**Instructions for the task:** Take the records below and retype them line by line, from the first line through the one containing "set \<Rightarrow> (nat"; stop there.

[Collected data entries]
---------------
definition served ::
  "(nat \<Rightarrow> nat set) \<Rightarrow> (nat \<Rightarrow> config) \<Rightarrow> nat \<Rightarrow> (nat \<Rightarrow> nat \<Rightarrow> nat option) \<Rightarrow> nat \<Rightarrow> nat \<Rightarrow> nat \<Rightarrow> bool" where
  "served fan sched F P f k T \<longleftrightarrow> (\<forall>j\<in>fan f. delivered sched F P f k j T)"

definition in_queue ::
  "(nat \<Rightarrow> nat \<Rightarrow> nat) \<Rightarrow> (nat \<Rightarrow> nat set) \<Rightarrow> (nat \<Rightarrow> config) \<Rightarrow> nat \<Rightarrow> (nat \<Rightarrow> nat \<Rightarrow> nat option)
     \<Rightarrow> nat \<Rightarrow> nat \<Rightarrow> nat \<Rightarrow> bool" where
  "in_queue A fan sched F P f k T \<longleftrightarrow> k < A f T \<and> \<not> served fan sched F P f k T"

definition causal :: "((nat \<Rightarrow> nat \<Rightarrow> nat) \<Rightarrow> nat \<Rightarrow> nat \<Rightarrow> nat option) \<Rightarrow> bool" where
  "causal P \<longleftrightarrow> (\<forall>A A' t i. (\<forall>f s. s \<le> t \<longrightarrow> A f s = A' f s) \<longrightarrow> P A t i = P A' t i)"

definition achievable ::
  "nat set \<Rightarrow> (nat \<Rightarrow> nat) \<Rightarrow> (nat \<Rightarrow> nat set) \<Rightarrow> (nat \<Rightarrow> rat) \<Rightarrow> bool" where
  "achievable Fl inp fan r \<longleftrightarrow>
     (\<exists>F::nat. F > 0 \<and> (\<exists>q::nat \<Rightarrow> nat. (\<forall>f\<in>Fl. r f * of_nat F = of_nat (q f)) \<and>
       (\<exists>sched P. (\<forall>t<F. valid_config Fl inp fan (sched t)) \<and> causal P \<and>
         (\<forall>A. (\<forall>f. mono (A f)) \<longrightarrow>
            (\<forall>t i f S k. sched (t mod F) i = Some (f, S) \<and> P A t i = Some k
                 \<longrightarrow> in_queue A fan sched F (P A) f k t) \<and>
            (\<forall>f\<in>Fl. \<forall>n\<ge>1. \<forall>k. in_queue A fan sched F (P A) f k ((n - 1) * F) \<and>
                 card {k'. k' < k \<and> in_queue A fan sched F (P A) f k' ((n - 1) * F)} < q f
                 \<longrightarrow> served fan sched F (P A) f k (n * F))))))"

definition flows2N :: "nat \<Rightarrow> nat set" where "flows2N N = {0..N}"
definition inp2N :: "nat \<Rightarrow> nat" where "inp2N f = (if f = 0 then 1 else 2)"
definition fan2N :: "nat \<Rightarrow> nat \<Rightarrow> nat set" where
  "fan2N N f = (if f = 0 then {1..N} else {f})"

end

theory Submission
  imports Defs
begin

text \<open>
  Necessity: if q f packets of every flow f are waiting at time 0, a schedule with quotas
  q f = r f F must deliver all of them within the first frame. Each unicast packet occupies a
  slot of input 2; the broadcast packets and the unicast packets for output i use output i in
  distinct slots; and a broadcast packet sent only in slots where input 2 is busy needs two.
  Counting slots gives the three inequalities multiplied by F.

  Sufficiency: conversely, the inequalities allow a frame of F slots in which input 2 sends its
  unicast packets back to back and input 1 sends each broadcast packet either whole, while
  input 2 is idle, or split into two complementary transmissions while input 2 serves other
  outputs. Repeating this frame and serving in each frame the oldest q f waiting packets of
  every flow achieves the rates.
\<close>

lemma served_mono:
  "served fan sched F P f k T \<Longrightarrow> T \<le> T' \<Longrightarrow> served fan sched F P f k T'"
  unfolding served_def delivered_def by (meson less_le_trans)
---------------
**Solution to this exercise:**
definition served ::
  "(nat \<Rightarrow> nat set) \<Rightarrow> (nat \<Rightarrow> config) \<Rightarrow> nat \<Rightarrow> (nat \<Rightarrow> nat \<Rightarrow> nat option) \<Rightarrow> nat \<Rightarrow> nat \<Rightarrow> nat \<Rightarrow> bool" where
  "served fan sched F P f k T \<longleftrightarrow> (\<forall>j\<in>fan f. delivered sched F P f k j T)"

definition in_queue ::
  "(nat \<Rightarrow> nat \<Rightarrow> nat) \<Rightarrow> (nat \<Rightarrow> nat set) \<Rightarrow> (nat \<Rightarrow> config) \<Rightarrow> nat \<Rightarrow> (nat \<Rightarrow> nat \<Rightarrow> nat option)
     \<Rightarrow> nat \<Rightarrow> nat \<Rightarrow> nat \<Rightarrow> bool" where
  "in_queue A fan sched F P f k T \<longleftrightarrow> k < A f T \<and> \<not> served fan sched F P f k T"

definition causal :: "((nat \<Rightarrow> nat \<Rightarrow> nat) \<Rightarrow> nat \<Rightarrow> nat \<Rightarrow> nat option) \<Rightarrow> bool" where
  "causal P \<longleftrightarrow> (\<forall>A A' t i. (\<forall>f s. s \<le> t \<longrightarrow> A f s = A' f s) \<longrightarrow> P A t i = P A' t i)"

definition achievable ::
  "nat set \<Rightarrow> (nat \<Rightarrow> nat) \<Rightarrow> (nat \<Rightarrow> nat set) \<Rightarrow> (nat \<Rightarrow> rat) \<Rightarrow> bool" where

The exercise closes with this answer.